2 Haziran 2022 Perşembe

İktidar Çıkmazının Sonu Yaklaşırken


 

Dindar anlayışa sahip olan kesimler yıllar yılı yok sayılmaktan, çağdaşlaştırma projeleri ile yozlaştırılmaktan, dini değerlerin baskı altında tutulmasından, özgürlüklerin kısıtlanmasından yakınarak toplumda seslerini duyurmak için uğraş verdiler. Toplumda özgürlük ve demokrasinin en başta gelen savunucuları arasında yer alan dindar kesimin önde gelenleri radikal dinci akımlardan kendilerini soyutlamak amacıyla muhafazakar demokrasi söylemlerini adeta kimseye bırakmadılar.

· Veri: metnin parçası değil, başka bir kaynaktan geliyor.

lemma dr_bell_Suc_binomial_deg_fall:
  "dr_bell r l (n + 1) x
     = (\<Sum>k\<le>n. real (n choose k) * (real r * deg_fall (- l) l k + x * deg_fall (1 - l) l k) *
          dr_bell r l (n - k) x)"
proof -
  have "umbral_image x
      (\<lambda>y. \<Sum>k\<le>n. real (n choose k) *
          (real r * deg_fall (- l) l k * deg_fall (y + real r) l (n - k)
           + deg_fall (1 - l) l k * (y * deg_fall (y - 1 + real r) l (n - k))))
      (\<Sum>k\<le>n. real (n choose k) *
          (real r * deg_fall (- l) l k * dr_bell r l (n - k) x
           + deg_fall (1 - l) l k * (x * dr_bell r l (n - k) x)))"
    by (intro umbral_image_sum umbral_image_scale umbral_image_add
          umbral_image_shift[OF umbral_image_deg_fall] umbral_image_deg_fall) simp
  then have "umbral_image x (\<lambda>y. deg_fall (y + real r) l (n + 1))
      (\<Sum>k\<le>n. real (n choose k) *
          (real r * deg_fall (- l) l k * dr_bell r l (n - k) x
           + deg_fall (1 - l) l k * (x * dr_bell r l (n - k) x)))"
    unfolding deg_fall_Suc_binomial_deg_fall .
  then have "dr_bell r l (n + 1) x = \<dots>"
    by (rule umbral_image_unique[OF umbral_image_deg_fall])
  then show ?thesis
    by (simp add: algebra_simps)
qed

theorem theorem9:
  fixes l :: real and r n :: nat and z :: complex
  shows "dr_bell r l (n + 1) ((cmod z)\<^sup>2)
           = (\<Sum>k\<le>n. real (n choose k) * (- l) ^ (n - k) * fact (n - k) *
                ((cmod z)\<^sup>2 * dr_bell (r + 1) l k ((cmod z)\<^sup>2) + real r * dr_bell r l k ((cmod z)\<^sup>2)))
         \<and> dr_bell r l (n + 1) ((cmod z)\<^sup>2)
           = (\<Sum>k\<le>n. real (n choose k) *
                (real r * deg_fall (- l) l k + (cmod z)\<^sup>2 * deg_fall (1 - l) l k) *
                dr_bell r l (n - k) ((cmod z)\<^sup>2))
         \<and> (cmod z = 1 \<longrightarrow>
             dr_bell r l (n + 1) 1
               = (\<Sum>k\<le>n. real (n choose k) * (- l) ^ (n - k) * fact (n - k) *
                    (dr_bell (r + 1) l k 1 + real r * dr_bell r l k 1))
             \<and> dr_bell r l (n + 1) 1
               = (\<Sum>k\<le>n. real (n choose k) *
                    (real r * deg_fall (- l) l k + deg_fall (1 - l) l k) * dr_bell r l (n - k) 1))"
  using dr_bell_Suc_binomial_fact[of r l n "(cmod z)\<^sup>2"] dr_bell_Suc_binomial_deg_fall[of r l n "(cmod z)\<^sup>2"]
    dr_bell_Suc_binomial_fact[of r l n 1] dr_bell_Suc_binomial_deg_fall[of r l n 1]
  by simp

end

Öyle bir zaman geldi ki toplumun büyük çoğunluğu için adeta tek proje sahibi gruplar olarak kendilerinin olduğunu iddia eder oldular. Bu söylemler uzun süren toplumsal sorunların getirdiği 2001 yılı tıkanıklığından çıkış olarak toplumun büyük çoğunluğu tarafından kabul gördü. 2002 seçimleri ile birlikte AK PARTİ iktidarı devletin yönetimine sahip olmayı başardı. Bu durum özellikle seküler ve laik kesimler tarafından uzun süre hazmedilemedi. İktidarın devri adeta ayak sürünerek gerçekleşirken iktidar olabilirsiniz ancak muktedir olamazsınız sloganları ile karşılandı. Hukuk başta olmak üzere ekonomi, askeri ve sivil bürokrasi, akademik dünya AK PARTİ iktidarını boğmak için elinden geleni yaptı. Kapatma davaları ile karşı karşıya kalan iktidar bu süreçte toplum nezdindeki gücünü artırmak amacıyla daha fazla demokrasi, özgürlük ve sivilleşme söylemlerine sarıldı. Bu süreç 2010 yılına kadar devam etti. Bu süreçte iktidar toplumun tüm kesimlerini yanına almak için büyük çaba harcadı. Bu çabanın sonuçlarını da aldı denebilir.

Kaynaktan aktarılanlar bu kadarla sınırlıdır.